Activity
The answer is the set of lines that include "cases", copied from the data below.

Entries shown
lemma Lp_pos_subset_Lp_cone_eps_if_measure_bounded_below:
  assumes M: "finite_measure M" and p: "1 \<le> p" and m: "0 < measure M (space M)"
    and \<delta>: "0 < \<delta>" "\<And>B. B \<in> sets M \<Longrightarrow> 0 < measure M B \<Longrightarrow> \<delta> \<le> measure M B"
  shows "\<exists>\<epsilon>>1. Lp_pos M p \<subseteq> Lp_cone_eps M p \<epsilon>"
proof -
  define m where "m = measure M (space M)"
  have m0: "0 < m"
    using m by (simp add: m_def)
  have "\<delta> \<le> m"
    using \<delta>(2)[of "space M"] m by (simp add: m_def)
  then have m\<delta>: "0 < m - \<delta> / 2"
    using \<delta>(1) by simp
  define \<epsilon> where "\<epsilon> = (m / (m - \<delta> / 2)) powr (1 / p)"
  have \<epsilon>: "1 < \<epsilon>"
    unfolding \<epsilon>_def using m\<delta> \<delta>(1) p by (intro gr_one_powr) (auto simp: field_simps)
  have "\<epsilon> * (m - \<delta>) powr (1 / p) = (m / (m - \<delta> / 2) * (m - \<delta>)) powr (1 / p)"
    unfolding \<epsilon>_def using m0 m\<delta> \<open>\<delta> \<le> m\<close> by (intro powr_mult[symmetric])
  also have "\<dots> < m powr (1 / p)"
  proof (rule powr_less_mono2)
    show "0 < 1 / p"
      using p by simp
    show "0 \<le> m / (m - \<delta> / 2) * (m - \<delta>)"
      using m0 m\<delta> \<open>\<delta> \<le> m\<close> by simp
    have "m * (m - \<delta>) < m * (m - \<delta> / 2)"
      using m0 \<delta>(1) by simp
    then show "m / (m - \<delta> / 2) * (m - \<delta>) < m"
      using m\<delta> by (simp add: field_simps)
  qed
  finally have \<epsilon>_small: "\<epsilon> * (measure M (space M) - \<delta>) powr (1 / p) < measure M (space M) powr (1 / p)"
    by (simp add: m_def)
  have "Lp_pos M p \<subseteq> Lp_cone_eps M p \<epsilon>"
    using S_eps_AE_nonneg[OF M p _ \<delta>(2) \<epsilon>_small] \<epsilon>
    by (intro Lp_pos_subset_Lp_cone_eps_if_S_eps_nonneg) simp
  then show ?thesis
    using \<epsilon> by blast
qed
(* Let $\ell,t,s,d,m$ be positive integers with $m\ge d$, and $\mathbb{F}$ a finite field. Suppose $\pi=(\mathsf{Share},\mathsf{Eval},\mathsf{Rec})$ is a $t$-private $s$-server HSS scheme for a non-trivial class $\mathcal{F}\subseteq\mathrm{POLY}_{d,m}(\mathbb{F})^\ell$, which is linear over $\mathbb{F}$, whose $\mathsf{Share}$ is $t$-CNF sharing, and whose download rate equals $(s-dt)/s$. Let $n=\ell s/(s-dt)$. Then there exist a linear code $\mathcal{C}\subseteq\mathbb{F}^n$ of rate $(s-dt)/s$ and a labeling $\mathcal{L}:[n]\to[s]$ with $\Delta_{\mathcal{L}}(\mathcal{C})\ge dt+1$. (Specifically, $\mathcal{C}$ is the row span of the reconstruction matrix of $\pi$, and $\mathcal{L}(r)$ is the server sending the $r$-th downloaded symbol.)
   Context: $\mathrm{POLY}_{d,m}(\mathbb{F})$: polynomials in $\mathbb{F}[X_1,\ldots,X_m]$ of total degree $\le d$. Amortized HSS for $\mathcal{F}\subseteq\mathrm{POLY}_{d,m}(\mathbb{F})^\ell$: $\ell m$ secrets $x^{(i)}_k\in\mathbb{F}$, $\mathbf{x}^{(i)}=(x^{(i)}_1,\dots,x^{(i)}_m)$, each shared independently by randomized $\mathsf{Share}$ into $s$ shares, server $j$ receiving the $j$-th share of each; given $\mathbf{f}=(f_1,\ldots,f_\ell)\in\mathcal{F}$, server $j$ computes output share $z_j=\mathsf{Eval}(\mathbf{f},j,\text{its shares})\in\mathbb{F}^{n_j}$ (arbitrary function); $\mathsf{Rec}(z_1\circ\cdots\circ z_s)$ must equal $(f_i(\mathbf{x}^{(i)}))_{i\in[\ell]}$ with probability 1 for all secrets and $\mathbf{f}$. $t$-private: any $\le t$ shares of a secret have distribution independent of the secret. Linear: $\mathsf{Share}$ and $\mathsf{Rec}:\mathbb{F}^{\sum n_j}\to\mathbb{F}^\ell$ are $\mathbb{F}$-linear ($\mathsf{Eval}$ arbitrary). Download rate: $\ell/\sum_j n_j$ (ratio of output bits to downloaded bits). $t$-CNF sharing of $x\in\mathbb{F}$ among $s$ servers: choose $y_T\in\mathbb{F}$ for all $T\subseteq[s]$, $|T|=t$, uniformly at random subject to $\sum_T y_T=x$; server $j$ receives $(y_T: j\notin T)$. $\mathcal{F}$ is non-trivial if some $(f_1,\ldots,f_\ell)\in\mathcal{F}$ has every $f_i$ containing (with nonzero coefficient) a monomial in at least $d$ distinct variables. A labeling is a surjection $\mathcal{L}:[n]\to[s]$. Labelweight: for $\mathbf{c}\in\mathbb{F}^n$, $\Delta_{\mathcal{L}}(\mathbf{c})=|\{\mathcal{L}(i): c_i\neq0\}|$; for a code $\mathcal{C}$, $\Delta_{\mathcal{L}}(\mathcal{C})=\min_{\mathbf{0}\ne\mathbf{c}\in\mathcal{C}}\Delta_{\mathcal{L}}(\mathbf{c})$. Rate of a linear code of dimension $k$ in $\mathbb{F}^n$ is $k/n$. *)

theory Defs
  imports "HOL-Analysis.Analysis" "HOL-Library.Poly_Mapping" "HOL-Library.Function_Algebras"
begin
lemma potential_le:
  assumes "1 \<le> n" "0 < p" "p \<le> 1"
  shows "potential n p P \<le> 3 * exp 2 * real n ^ 2 / p"
proof -
  have "real (L_gap n P) \<le> real n" "real n \<le> real n / p"
    using assms by (auto simp: L_gap_def le_divide_eq)
  moreover have "real (front_gap n P) / p \<le> 2 * real n / p"
    using assms by (intro divide_right_mono) (auto simp: front_gap_def)
  moreover have "3 * real n / p = real n / p + 2 * real n / p"
    by (simp add: add_divide_distrib[symmetric])
  ultimately have "real (L_gap n P) + real (front_gap n P) / p \<le> 3 * real n / p"
    by linarith
  hence "exp 2 * real n * (real (L_gap n P) + real (front_gap n P) / p) \<le> exp 2 * real n * (3 * real n / p)"
    by (rule mult_left_mono) simp
  moreover have "exp 2 * real n * (3 * real n / p) = 3 * exp 2 * real n ^ 2 / p"
    by (simp add: power2_eq_square)
  ultimately show ?thesis using potential_le_gaps[OF assms(2), of n P] by linarith
qed

lemma potential_step_le:
  assumes p: "0 < p" and P: "\<not> covered n P"
    and L: "real (L_gap n P') + dL \<le> real (L_gap n P)"
    and F: "real (front_gap n P') + dF \<le> real (front_gap n P)"
  shows "potential n p P' + exp 2 * real n * (dL + dF / p) \<le> potential n p P"
proof -
  let ?w = "exp 2 * real n"
  have "(real (L_gap n P') + dL) + (real (front_gap n P') + dF) / p
      \<le> real (L_gap n P) + real (front_gap n P) / p"
    using L F p by (intro add_mono divide_right_mono) auto
  hence "?w * ((real (L_gap n P') + dL) + (real (front_gap n P') + dF) / p) \<le> potential n p P"
    using P unfolding potential_def by (simp add: mult_left_mono)
  moreover have "?w * ((real (L_gap n P') + dL) + (real (front_gap n P') + dF) / p) =
      ?w * (real (L_gap n P') + real (front_gap n P') / p) + ?w * (dL + dF / p)"
    by (simp add: algebra_simps add_divide_distrib)
  ultimately show ?thesis using potential_le_gaps[OF p, of n P'] by linarith
qed

lemma potential_drift:
  fixes M :: "bool list set pmf"
  assumes p: "0 < p" and n: "1 \<le> n" and P: "\<not> covered n P"
    and mono: "\<And>P'. P' \<in> set_pmf M \<Longrightarrow> L_gap n P' \<le> L_gap n P \<and> front_gap n P' \<le> front_gap n P"
    and progress:
      "ennreal (exp (-2) / real n) \<le> emeasure M {P'. L_gap n P' < L_gap n P} \<or>
       ennreal (exp (-2) * p / real n) \<le> emeasure M {P'. front_gap n P' < front_gap n P}"
  shows "1 + (\<integral>\<^sup>+P'. ennreal (potential n p P') \<partial>M) \<le> ennreal (potential n p P)"
proof -
  let ?w = "exp 2 * real n"
  let ?EL = "{P'. L_gap n P' < L_gap n P}" and ?EF = "{P'. front_gap n P' < front_gap n P}"
  have w: "0 < ?w" using n by simp
  from progress show ?thesis
  proof
    assume "ennreal (exp (-2) / real n) \<le> emeasure M ?EL"
    moreover have "potential n p P' + ?w * indicator ?EL P' \<le> potential n p P" if "P' \<in> set_pmf M" for P'
      using potential_step_le[OF p P, of P' "indicator ?EL P'" 0] mono[OF that]
        of_nat_add_indicator_le[of "L_gap n" P' "L_gap n P"]
      by simp
    ultimately show ?thesis
      using w p by (intro nn_integral_drift_le[where g = ?w]) (auto simp: potential_nonneg exp_minus field_simps)
  next
    assume "ennreal (exp (-2) * p / real n) \<le> emeasure M ?EF"
    moreover have "potential n p P' + ?w / p * indicator ?EF P' \<le> potential n p P" if "P' \<in> set_pmf M" for P'
      using potential_step_le[OF p P, of P' 0 "indicator ?EF P'"] mono[OF that]
        of_nat_add_indicator_le[of "front_gap n" P' "front_gap n P"]
      by simp
    ultimately show ?thesis
      using w p by (intro nn_integral_drift_le[where g = "?w / p"]) (auto simp: potential_nonneg exp_minus field_simps)
  qed
qed

lemma stopped_step_drift:
  assumes n: "2 \<le> n" and p: "0 < p" and P: "valid_pop n P"
    and sel: "set_pmf (sel (maxL P)) \<subseteq> maxL P"
    and good: "P \<inter> pareto_set n \<noteq> {} \<Longrightarrow> \<not> covered n P \<Longrightarrow>
                 p \<le> measure_pmf.prob (sel (maxL P)) {x. good n P x}"
  shows "indicator {P. \<not> covered n P} P + (\<integral>\<^sup>+P'. ennreal (potential n p P') \<partial>stopped_step n sel P)
           \<le> ennreal (potential n p P)"
proof (cases "covered n P")
  case False
  have "ennreal (exp (-2) / real n) \<le> emeasure (gsemo_step n sel P) {P'. L_gap n P' < L_gap n P} \<or>
        ennreal (exp (-2) * p / real n) \<le> emeasure (gsemo_step n sel P) {P'. front_gap n P' < front_gap n P}"
  proof (cases "P \<inter> pareto_set n = {}")
    case True
    have "ennreal (exp (-2) / real n) \<le> emeasure (gsemo_step n sel P) {P'. L_gap n P' < L_gap n P}"
      using emeasure_gsemo_step_ge[where sel = sel and S = UNIV and q = 1, OF P n sel] L_gap_progress[OF P True]
      by simp
    thus ?thesis ..
  next
    case nonempty: False
    have "ennreal (exp (-2) * p / real n) \<le> emeasure (gsemo_step n sel P) {P'. front_gap n P' < front_gap n P}"
      using front_gap_progress[OF P] good[OF nonempty False] p
      by (intro emeasure_gsemo_step_ge[where sel = sel and S = "{x. good n P x}", OF P n sel])
        (auto simp: measure_pmf.emeasure_eq_measure)
    thus ?thesis ..
  qed
  hence "1 + (\<integral>\<^sup>+P'. ennreal (potential n p P') \<partial>gsemo_step n sel P) \<le> ennreal (potential n p P)"
    using set_pmf_gsemo_step[where sel = sel, OF P sel] gaps_gsemo_update_le[OF P] p n False
    by (intro potential_drift) fastforce+
  thus ?thesis using False by (simp add: stopped_step_def)
qed (simp add: stopped_step_def nn_integral_return)

theorem lemma8:
  shows "\<exists>C N. \<forall>n \<ge> N. \<forall>(p::real) (sel :: bool list set \<Rightarrow> bool list pmf).
     0 < p \<and> p \<le> 1 \<and>
     (\<forall>Q. Q \<noteq> {} \<longrightarrow> set_pmf (sel Q) \<subseteq> Q) \<and>
     (\<forall>P. valid_pop n P \<and> P \<inter> pareto_set n \<noteq> {} \<and> \<not> covered n P \<longrightarrow>
          measure_pmf.prob (sel (maxL P)) {x. good n P x} \<ge> p)
     \<longrightarrow> expected_time n sel \<le> ennreal (C * real n ^ 2 / p)"
proof (intro exI[of _ "3 * exp 2"] exI[of _ 2] allI impI, elim conjE)
  fix n :: nat and p :: real and sel :: "bool list set \<Rightarrow> bool list pmf"
  assume n: "2 \<le> n" and p: "0 < p" "p \<le> 1" and sel: "\<forall>Q. Q \<noteq> {} \<longrightarrow> set_pmf (sel Q) \<subseteq> Q"
    and good: "\<forall>P. valid_pop n P \<and> P \<inter> pareto_set n \<noteq> {} \<and> \<not> covered n P \<longrightarrow>
                  measure_pmf.prob (sel (maxL P)) {x. good n P x} \<ge> p"
  have "expected_time n sel = (\<Sum>t. emeasure (pop_dist n sel t) {P. \<not> covered n P})"
    by (simp add: expected_time_def measure_pmf.emeasure_eq_measure)
  also have "\<dots> \<le> (\<integral>\<^sup>+P. ennreal (potential n p P) \<partial>pop_dist n sel 0)"
  proof (rule suminf_emeasure_le_potential)
    fix t P assume "P \<in> set_pmf (pop_dist n sel t)"
    hence P: "valid_pop n P" by (rule valid_pop_pop_dist[OF sel])
    show "indicator {P. \<not> covered n P} P + (\<integral>\<^sup>+P'. ennreal (potential n p P') \<partial>stopped_step n sel P)
           \<le> ennreal (potential n p P)"
      using n p(1) P sel maxL_nonempty[OF P] good by (intro stopped_step_drift) auto
  qed simp
  also have "\<dots> \<le> (\<integral>\<^sup>+P. ennreal (3 * exp 2 * real n ^ 2 / p) \<partial>pop_dist n sel 0)"
    using n p by (intro nn_integral_mono ennreal_leI potential_le) auto
  finally show "expected_time n sel \<le> ennreal (3 * exp 2 * real n ^ 2 / p)"
    by simp
qed

end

Final answer
proof (cases "covered n P")
  proof (cases "P \<inter> pareto_set n = {}")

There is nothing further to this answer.